Exercise goal
Identify every line in the records below that contains the word "exists", and copy each of those lines.

*****

text \<open>Moment bounds: with m the mean of mu, a \<le> m \<le> b,  a^2 \<le> E[mu^2] \<le> (a+b) m - a b
  (because (mu - a)(b - mu) \<ge> 0 on D) and  0 \<le> E[sigma^2] \<le> sp^2.\<close>
lemma ratio_ge_mean_bound:
  fixes a b sm sp h0 :: real
  assumes "0 < a" "a < b" "0 < sm" "sm < sp" and \<nu>: "\<nu> \<in> probs_on (Dom a b sm sp)"
  shows "\<exists>m. a \<le> m \<and> m \<le> b \<and> h0\<^sup>2 * mean_bound a b sp m \<le> ratio h0 \<nu>"
proof -
  let ?D = "Dom a b sm sp"
  have int: "integrable \<nu> f" if "continuous_on UNIV f" for f :: "real \<times> real \<Rightarrow> real"
    using \<nu> compact_Dom that by (rule integrable_probs_on_compact)
  have i1: "integrable \<nu> fst" and i2: "integrable \<nu> (\<lambda>x. (fst x)\<^sup>2)"
    and i3: "integrable \<nu> (\<lambda>x. (snd x)\<^sup>2)"
    by (auto intro!: int continuous_intros)
  have on_D: "a \<le> fst x" "fst x \<le> b" "sm \<le> snd x" "snd x \<le> sp" if "x \<in> ?D" for x
    using that by (auto simp: Dom_def)
  define m where "m = (\<integral>x. fst x \<partial>\<nu>)"
  define Q where "Q = (\<integral>x. (fst x)\<^sup>2 \<partial>\<nu>)"
  define S where "S = (\<integral>x. (snd x)\<^sup>2 \<partial>\<nu>)"
  have m: "a \<le> m" "m \<le> b" unfolding m_def
    using integral_probs_on_ge[OF \<nu> i1] integral_probs_on_le[OF \<nu> i1] on_D by blast+
  have "a\<^sup>2 \<le> (fst x)\<^sup>2" if "x \<in> ?D" for x
    using on_D[OF that] assms by (intro power_mono) auto
  hence Q_lower: "a\<^sup>2 \<le> Q" unfolding Q_def by (rule integral_probs_on_ge[OF \<nu> i2])
  have S_nonneg: "0 \<le> S" unfolding S_def by (rule integral_probs_on_ge[OF \<nu> i3]) simp
  have "(snd x)\<^sup>2 \<le> sp\<^sup>2" if "x \<in> ?D" for x
    using on_D[OF that] assms by (intro power_mono) auto
  hence S_upper: "S \<le> sp\<^sup>2" unfolding S_def by (rule integral_probs_on_le[OF \<nu> i3])
  have Q_upper: "Q \<le> (a+b)*m - a*b"
  proof -
    interpret prob_space \<nu> using \<nu> by (simp add: probs_on_def)
    have "Q \<le> (\<integral>x. (a+b) * fst x - a*b \<partial>\<nu>)" unfolding Q_def
    proof (rule integral_mono[OF i2])
      show "integrable \<nu> (\<lambda>x. (a+b) * fst x - a*b)" using i1 by simp
      fix x assume "x \<in> space \<nu>"
      hence "0 \<le> (fst x - a) * (b - fst x)" using on_D space_probs_on[OF \<nu>] by simp
      thus "(fst x)\<^sup>2 \<le> (a+b) * fst x - a*b" by (simp add: power2_eq_square algebra_simps)
    qed
    also have "\<dots> = (a+b)*m - a*b" unfolding m_def using i1 by (simp add: prob_space)
    finally show ?thesis .
  qed
  have denom: "(\<integral>x. (fst x)\<^sup>2 + (snd x)\<^sup>2 \<partial>\<nu>) = Q + S" unfolding Q_def S_def using i2 i3 by simp
  have "0 < Q + S" using Q_lower S_nonneg assms by (smt (verit) zero_less_power)
  hence "(h0*m)\<^sup>2 / ((a+b)*m - a*b + sp\<^sup>2) \<le> (h0*m)\<^sup>2 / (Q + S)"
    using Q_upper S_upper by (intro divide_left_mono) auto
  hence "h0\<^sup>2 * mean_bound a b sp m \<le> ratio h0 \<nu>"
    unfolding ratio_def denom mean_bound_def m_def by (simp add: power_mult_distrib)
  thus ?thesis using m by blast
qed


text \<open>Conversely, every value h0^2 * mean_bound(m) is the ratio of the two-point measure on
  the corners (a,sp) and (b,sp) with mean m: both points lie on the parabola
  mu^2 = (a+b) mu - a b, so the moment bound is attained with equality.\<close>
lemma two_point_attains_mean_bound:
  fixes a b sm sp h0 m :: real
  assumes "0 < a" "a < b" "0 < sm" "sm < sp" "a \<le> m" "m \<le> b"
  shows "\<exists>\<nu>\<in>probs_on (Dom a b sm sp). ratio h0 \<nu> = h0\<^sup>2 * mean_bound a b sp m"
proof -
  let ?D = "Dom a b sm sp"
  let ?g = "\<lambda>c. if c then (b,sp) else (a,sp)"
  define p where "p = (m - a) / (b - a)"
  have p: "0 \<le> p" "p \<le> 1" unfolding p_def using assms by auto
  have mean: "p*b + (1-p)*a = m"
  proof -
    have "p*(b-a) = m - a" unfolding p_def using assms by simp
    thus ?thesis by (simp add: algebra_simps)
  qed
  have second: "p*(b\<^sup>2+sp\<^sup>2) + (1-p)*(a\<^sup>2+sp\<^sup>2) = (a+b)*m - a*b + sp\<^sup>2"
    unfolding mean[symmetric] by (simp add: algebra_simps power2_eq_square)
  define \<nu> where "\<nu> = distr (measure_pmf (bernoulli_pmf p)) (restrict_space borel ?D) ?g"
  have g: "?g \<in> measurable (measure_pmf (bernoulli_pmf p)) (restrict_space borel ?D)"
    using assms by (auto simp: space_restrict_space Dom_def)
  have "prob_space \<nu>" unfolding \<nu>_def
    by (rule prob_space.prob_space_distr[OF prob_space_measure_pmf g])
  hence \<nu>_on_D: "\<nu> \<in> probs_on ?D" unfolding probs_on_def \<nu>_def by simp
  have meas: "f \<in> borel_measurable (restrict_space borel ?D)" if "continuous_on UNIV f"
    for f :: "real \<times> real \<Rightarrow> real"
    by (rule measurable_restrict_space1) (rule borel_measurable_continuous_onI[OF that])
  have num: "(\<integral>x. h0 * fst x \<partial>\<nu>) = h0 * (p*b + (1-p)*a)" unfolding \<nu>_def
    by (subst integral_distr[OF g meas]) (auto intro!: continuous_intros simp: p algebra_simps)
  have den: "(\<integral>x. (fst x)\<^sup>2 + (snd x)\<^sup>2 \<partial>\<nu>) = p*(b\<^sup>2+sp\<^sup>2) + (1-p)*(a\<^sup>2+sp\<^sup>2)" unfolding \<nu>_def
    by (subst integral_distr[OF g meas]) (auto intro!: continuous_intros simp: p algebra_simps)
  have "ratio h0 \<nu> = h0\<^sup>2 * mean_bound a b sp m"
    unfolding ratio_def num den mean second mean_bound_def by (simp add: power_mult_distrib)
  thus ?thesis using \<nu>_on_D by blast
qed

section \<open>Minimising the mean bound over [a, b]\<close>

definition opt_val :: "real \<Rightarrow> real \<Rightarrow> real \<Rightarrow> real \<Rightarrow> real" where
  "opt_val a b s h0 = (if b * a - 2 * s\<^sup>2 \<le> a\<^sup>2 then h0\<^sup>2 * a\<^sup>2 / (a\<^sup>2 + s\<^sup>2)
                       else (b * a - s\<^sup>2) / ((b + a) / 2)\<^sup>2 * h0\<^sup>2)"

lemma mean_bound_denom_ge:
  fixes a b s m :: real
  assumes "0 < a" "a < b" "a \<le> m"
  shows "a\<^sup>2 + s\<^sup>2 \<le> (a + b) * m - a * b + s\<^sup>2"
proof -
  have "(a + b) * a \<le> (a + b) * m" using assms by (intro mult_left_mono) auto
  thus ?thesis by (simp add: power2_eq_square algebra_simps)
qed

lemma mean_bound_at_left: "mean_bound a b s a = a\<^sup>2 / (a\<^sup>2 + s\<^sup>2)"
  unfolding mean_bound_def by (simp add: algebra_simps power2_eq_square)

text \<open>First regime: mean_bound never drops below its value at m = a, because
  (m - a) ((a^2 + s^2) m - a^2 b + a s^2) \<ge> 0 for m \<ge> a.\<close>
lemma mean_bound_min_left:
  fixes a b s m :: real
  assumes "0 < a" "a < b" "a \<le> m" "b * a - 2 * s\<^sup>2 \<le> a\<^sup>2"
  shows "a\<^sup>2 / (a\<^sup>2 + s\<^sup>2) \<le> mean_bound a b s m"
proof -
  define L where "L = (a + b) * m - a * b + s\<^sup>2"
  have X: "a\<^sup>2 + s\<^sup>2 > 0" using assms by (simp add: add_pos_nonneg)
  have L: "L > 0" using mean_bound_denom_ge[OF assms(1-3), of s] X unfolding L_def by linarith
  have "0 \<le> a * (a\<^sup>2 + 2 * s\<^sup>2 - a * b)"
    using assms by (intro mult_nonneg_nonneg) (auto simp: mult.commute)
  moreover have "(a\<^sup>2 + s\<^sup>2) * a \<le> (a\<^sup>2 + s\<^sup>2) * m" using X assms by (intro mult_left_mono) auto
  ultimately have "0 \<le> (a\<^sup>2 + s\<^sup>2) * m - a\<^sup>2 * b + a * s\<^sup>2"
    by (simp add: power2_eq_square algebra_simps)
  hence "0 \<le> (m - a) * ((a\<^sup>2 + s\<^sup>2) * m - a\<^sup>2 * b + a * s\<^sup>2)" using assms by simp
  also have "\<dots> = m\<^sup>2 * (a\<^sup>2 + s\<^sup>2) - a\<^sup>2 * L"
    unfolding L_def by (simp add: power2_eq_square algebra_simps)
  finally show ?thesis using X L unfolding mean_bound_def L_def[symmetric] by (simp add: divide_simps)
qed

*****

Answer space
  shows "\<exists>m. a \<le> m \<and> m \<le> b \<and> h0\<^sup>2 * mean_bound a b sp m \<le> ratio h0 \<nu>"
  shows "\<exists>\<nu>\<in>probs_on (Dom a b sm sp). ratio h0 \<nu> = h0\<^sup>2 * mean_bound a b sp m"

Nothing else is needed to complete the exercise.